* [Data for analysis]:
================

(* Let $u\in R^{\times}$, $a\in R$. For every right $H_N^q$-comodule algebra map $f:T\to\mathcal{B}_{(u,a)}$ there exist unique $\lambda,\mu,\xi\in R$ such that $f(E)=\lambda$, $f(G)=\mu v_g$ and $f(X)=\lambda v_x+\xi v_g$.
   Context: $R$ is a commutative unital ring, $N\ge2$, and $q\in R$ a root of the $N$-th cyclotomic polynomial over $\mathbb{Z}$. $H_N^q$ is the Taft Hopf algebra over $R$: generated by $g,x$ with $g^N=1$, $x^N=0$, $xg=qgx$, $\Delta(g)=g\otimes g$, $\Delta(x)=1\otimes x+x\otimes g$, $\varepsilon(g)=1$, $\varepsilon(x)=0$; it is free over $R$ with basis $\{g^mx^n:0\le m,n<N\}$. For $u\in R^{\times}$, $a\in R$, $\mathcal{B}_{(u,a)}$ is the $R$-algebra generated by $v_g,v_x$ with $v_g^N=u$, $v_x^N=a$, $v_xv_g=qv_gv_x$, free over $R$ with basis $\{v_g^mv_x^n:0\le m,n<N\}$, and a right $H_N^q$-comodule algebra via $\rho(v_g)=v_g\otimes g$, $\rho(v_x)=1\otimes x+v_x\otimes g$. For each $i\ge1$ let $Z_i^H=\{Z_i^h:h\in H_N^q\}$ be a copy of the $R$-module $H_N^q$ and $T=T(\bigoplus_{i\ge1}Z_i^H)$ the tensor algebra, a right $H_N^q$-comodule algebra via $\delta(Z_i^h)=\sum Z_i^{h_1}\otimes h_2$. Set $E=Z_1^1$, $G=Z_1^g$, $X=Z_1^x$, so $\delta(E)=E\otimes1$, $\delta(G)=G\otimes g$, $\delta(X)=E\otimes x+X\otimes g$. *)

theory Defs
  imports Complex_Main "HOL-Computational_Algebra.Polynomial" "HOL-Library.Function_Algebras"
begin

definition cyclotomic_poly :: "nat \<Rightarrow> int poly" where
  "cyclotomic_poly N = (THE p. map_poly of_int p =
      (\<Prod>k\<in>{k. k < N \<and> coprime k N}. [:- cis (2 * pi * real k / real N), 1:]))"
(* Let $\mathcal{F}=(f_s:I_s\to[n]\mid s\in S)$ be an $S$-claw in $\Delta_+$ ($S$ a finite set, $n\ge -1$). (a) $\mathcal{F}$ is a candidate $S$-covering in $\Delta_+$ if and only if $\mathcal{F}$ is backwards compatible; in this case its Čech cube $\check{C}\mathcal{F}:\mathcal{P}(S)^{\mathrm{op}}\to\Delta_+$ is given by $$T\longmapsto \mathop{\star}_{i\in[n]}\ \prod_{t\in T}f_t^{-1}\{i\},$$ where each $f_t^{-1}\{i\}$ carries the order induced from $I_t$, the product is the product poset (a singleton when $T=\emptyset$), $\star$ is ordered concatenation in increasing $i$, and the maps are induced by the projections. (b) The Čech cube $\check{C}\mathcal{F}$ is strongly biCartesian in $\Delta_+$ if and only if $\mathcal{F}$ is compatible.
   Context: $\Delta_+$ is the category of finite (possibly empty) linearly ordered sets and weakly monotone maps; $[n]=\{0<\dots<n\}$, $[-1]=\emptyset$. For a finite set $S$, $\mathcal{P}(S)$ is the poset of subsets. An $S$-claw on $[n]$ is a family of morphisms $f_s:I_s\to[n]$, $s\in S$. It is a candidate $S$-covering if it extends to a strongly Cartesian $S$-cube $Q:\mathcal{P}(S)^{\mathrm{op}}\to\Delta_+$ with $Q(\emptyset)=[n]$ and $Q(\{s\})\to Q(\emptyset)$ equal to $f_s$; strongly Cartesian (resp. strongly coCartesian, strongly biCartesian) means every square $Q(T\cup\{s,s'\})\to Q(T\cup\{s\}),Q(T\cup\{s'\})\to Q(T)$ ($s\neq s'\notin T$) is a pullback (resp. pushout, both). This extension (unique up to isomorphism) is the Čech cube $\check{C}\mathcal{F}$. The claw is backwards compatible if for each $i\in[n]$ there is at most one $s$ with $|f_s^{-1}\{i\}|>1$. It is compatible if (BC1) for each $i\in[n]$ there is at most one $s$ such that $f_s^{-1}\{i\}$ is not a singleton, and (BC2) for each $0<i\le n$ there is at most one $s$ such that $\{i-1,i\}\not\subseteq f_s(I_s)$. *)

theory Defs
  imports Main "HOL-Library.FuncSet"
begin

text \<open>Skeletal model of Delta_+: the object of size m is the ordinal {0..<m};
  so [n] has size n+1 and [-1] = empty has size 0.  A morphism m -> k is a function
  on nat, weakly monotone on {..<m} with values in {..<k}; two morphisms with domain m
  are equal iff they agree on {..<m}.\<close>

definition dmor :: "nat \<Rightarrow> nat \<Rightarrow> (nat \<Rightarrow> nat) \<Rightarrow> bool" where
  "dmor m k g \<longleftrightarrow> (\<forall>i<m. g i < k) \<and> (\<forall>i j. i \<le> j \<longrightarrow> j < m \<longrightarrow> g i \<le> g j)"

definition meq :: "nat \<Rightarrow> (nat \<Rightarrow> nat) \<Rightarrow> (nat \<Rightarrow> nat) \<Rightarrow> bool" where
  "meq m g h \<longleftrightarrow> (\<forall>i<m. g i = h i)"

definition is_square :: "nat \<Rightarrow> nat \<Rightarrow> nat \<Rightarrow> nat \<Rightarrow> (nat \<Rightarrow> nat) \<Rightarrow> (nat \<Rightarrow> nat)
    \<Rightarrow> (nat \<Rightarrow> nat) \<Rightarrow> (nat \<Rightarrow> nat) \<Rightarrow> bool" where
  "is_square a b c d p q u v \<longleftrightarrow> dmor a b p \<and> dmor a c q \<and> dmor b d u \<and> dmor c d v
     \<and> meq a (u \<circ> p) (v \<circ> q)"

================

* [Exercise brief]:
Your task is to transcribe the listing in full, so that each line reads exactly as before.

* [Answer below]:
(* Let $u\in R^{\times}$, $a\in R$. For every right $H_N^q$-comodule algebra map $f:T\to\mathcal{B}_{(u,a)}$ there exist unique $\lambda,\mu,\xi\in R$ such that $f(E)=\lambda$, $f(G)=\mu v_g$ and $f(X)=\lambda v_x+\xi v_g$.
   Context: $R$ is a commutative unital ring, $N\ge2$, and $q\in R$ a root of the $N$-th cyclotomic polynomial over $\mathbb{Z}$. $H_N^q$ is the Taft Hopf algebra over $R$: generated by $g,x$ with $g^N=1$, $x^N=0$, $xg=qgx$, $\Delta(g)=g\otimes g$, $\Delta(x)=1\otimes x+x\otimes g$, $\varepsilon(g)=1$, $\varepsilon(x)=0$; it is free over $R$ with basis $\{g^mx^n:0\le m,n<N\}$. For $u\in R^{\times}$, $a\in R$, $\mathcal{B}_{(u,a)}$ is the $R$-algebra generated by $v_g,v_x$ with $v_g^N=u$, $v_x^N=a$, $v_xv_g=qv_gv_x$, free over $R$ with basis $\{v_g^mv_x^n:0\le m,n<N\}$, and a right $H_N^q$-comodule algebra via $\rho(v_g)=v_g\otimes g$, $\rho(v_x)=1\otimes x+v_x\otimes g$. For each $i\ge1$ let $Z_i^H=\{Z_i^h:h\in H_N^q\}$ be a copy of the $R$-module $H_N^q$ and $T=T(\bigoplus_{i\ge1}Z_i^H)$ the tensor algebra, a right $H_N^q$-comodule algebra via $\delta(Z_i^h)=\sum Z_i^{h_1}\otimes h_2$. Set $E=Z_1^1$, $G=Z_1^g$, $X=Z_1^x$, so $\delta(E)=E\otimes1$, $\delta(G)=G\otimes g$, $\delta(X)=E\otimes x+X\otimes g$. *)

theory Defs
  imports Complex_Main "HOL-Computational_Algebra.Polynomial" "HOL-Library.Function_Algebras"
begin

definition cyclotomic_poly :: "nat \<Rightarrow> int poly" where
  "cyclotomic_poly N = (THE p. map_poly of_int p =
      (\<Prod>k\<in>{k. k < N \<and> coprime k N}. [:- cis (2 * pi * real k / real N), 1:]))"
(* Let $\mathcal{F}=(f_s:I_s\to[n]\mid s\in S)$ be an $S$-claw in $\Delta_+$ ($S$ a finite set, $n\ge -1$). (a) $\mathcal{F}$ is a candidate $S$-covering in $\Delta_+$ if and only if $\mathcal{F}$ is backwards compatible; in this case its Čech cube $\check{C}\mathcal{F}:\mathcal{P}(S)^{\mathrm{op}}\to\Delta_+$ is given by $$T\longmapsto \mathop{\star}_{i\in[n]}\ \prod_{t\in T}f_t^{-1}\{i\},$$ where each $f_t^{-1}\{i\}$ carries the order induced from $I_t$, the product is the product poset (a singleton when $T=\emptyset$), $\star$ is ordered concatenation in increasing $i$, and the maps are induced by the projections. (b) The Čech cube $\check{C}\mathcal{F}$ is strongly biCartesian in $\Delta_+$ if and only if $\mathcal{F}$ is compatible.
   Context: $\Delta_+$ is the category of finite (possibly empty) linearly ordered sets and weakly monotone maps; $[n]=\{0<\dots<n\}$, $[-1]=\emptyset$. For a finite set $S$, $\mathcal{P}(S)$ is the poset of subsets. An $S$-claw on $[n]$ is a family of morphisms $f_s:I_s\to[n]$, $s\in S$. It is a candidate $S$-covering if it extends to a strongly Cartesian $S$-cube $Q:\mathcal{P}(S)^{\mathrm{op}}\to\Delta_+$ with $Q(\emptyset)=[n]$ and $Q(\{s\})\to Q(\emptyset)$ equal to $f_s$; strongly Cartesian (resp. strongly coCartesian, strongly biCartesian) means every square $Q(T\cup\{s,s'\})\to Q(T\cup\{s\}),Q(T\cup\{s'\})\to Q(T)$ ($s\neq s'\notin T$) is a pullback (resp. pushout, both). This extension (unique up to isomorphism) is the Čech cube $\check{C}\mathcal{F}$. The claw is backwards compatible if for each $i\in[n]$ there is at most one $s$ with $|f_s^{-1}\{i\}|>1$. It is compatible if (BC1) for each $i\in[n]$ there is at most one $s$ such that $f_s^{-1}\{i\}$ is not a singleton, and (BC2) for each $0<i\le n$ there is at most one $s$ such that $\{i-1,i\}\not\subseteq f_s(I_s)$. *)

theory Defs
  imports Main "HOL-Library.FuncSet"
begin

text \<open>Skeletal model of Delta_+: the object of size m is the ordinal {0..<m};
  so [n] has size n+1 and [-1] = empty has size 0.  A morphism m -> k is a function
  on nat, weakly monotone on {..<m} with values in {..<k}; two morphisms with domain m
  are equal iff they agree on {..<m}.\<close>

definition dmor :: "nat \<Rightarrow> nat \<Rightarrow> (nat \<Rightarrow> nat) \<Rightarrow> bool" where
  "dmor m k g \<longleftrightarrow> (\<forall>i<m. g i < k) \<and> (\<forall>i j. i \<le> j \<longrightarrow> j < m \<longrightarrow> g i \<le> g j)"

definition meq :: "nat \<Rightarrow> (nat \<Rightarrow> nat) \<Rightarrow> (nat \<Rightarrow> nat) \<Rightarrow> bool" where
  "meq m g h \<longleftrightarrow> (\<forall>i<m. g i = h i)"

definition is_square :: "nat \<Rightarrow> nat \<Rightarrow> nat \<Rightarrow> nat \<Rightarrow> (nat \<Rightarrow> nat) \<Rightarrow> (nat \<Rightarrow> nat)
    \<Rightarrow> (nat \<Rightarrow> nat) \<Rightarrow> (nat \<Rightarrow> nat) \<Rightarrow> bool" where
  "is_square a b c d p q u v \<longleftrightarrow> dmor a b p \<and> dmor a c q \<and> dmor b d u \<and> dmor c d v
     \<and> meq a (u \<circ> p) (v \<circ> q)"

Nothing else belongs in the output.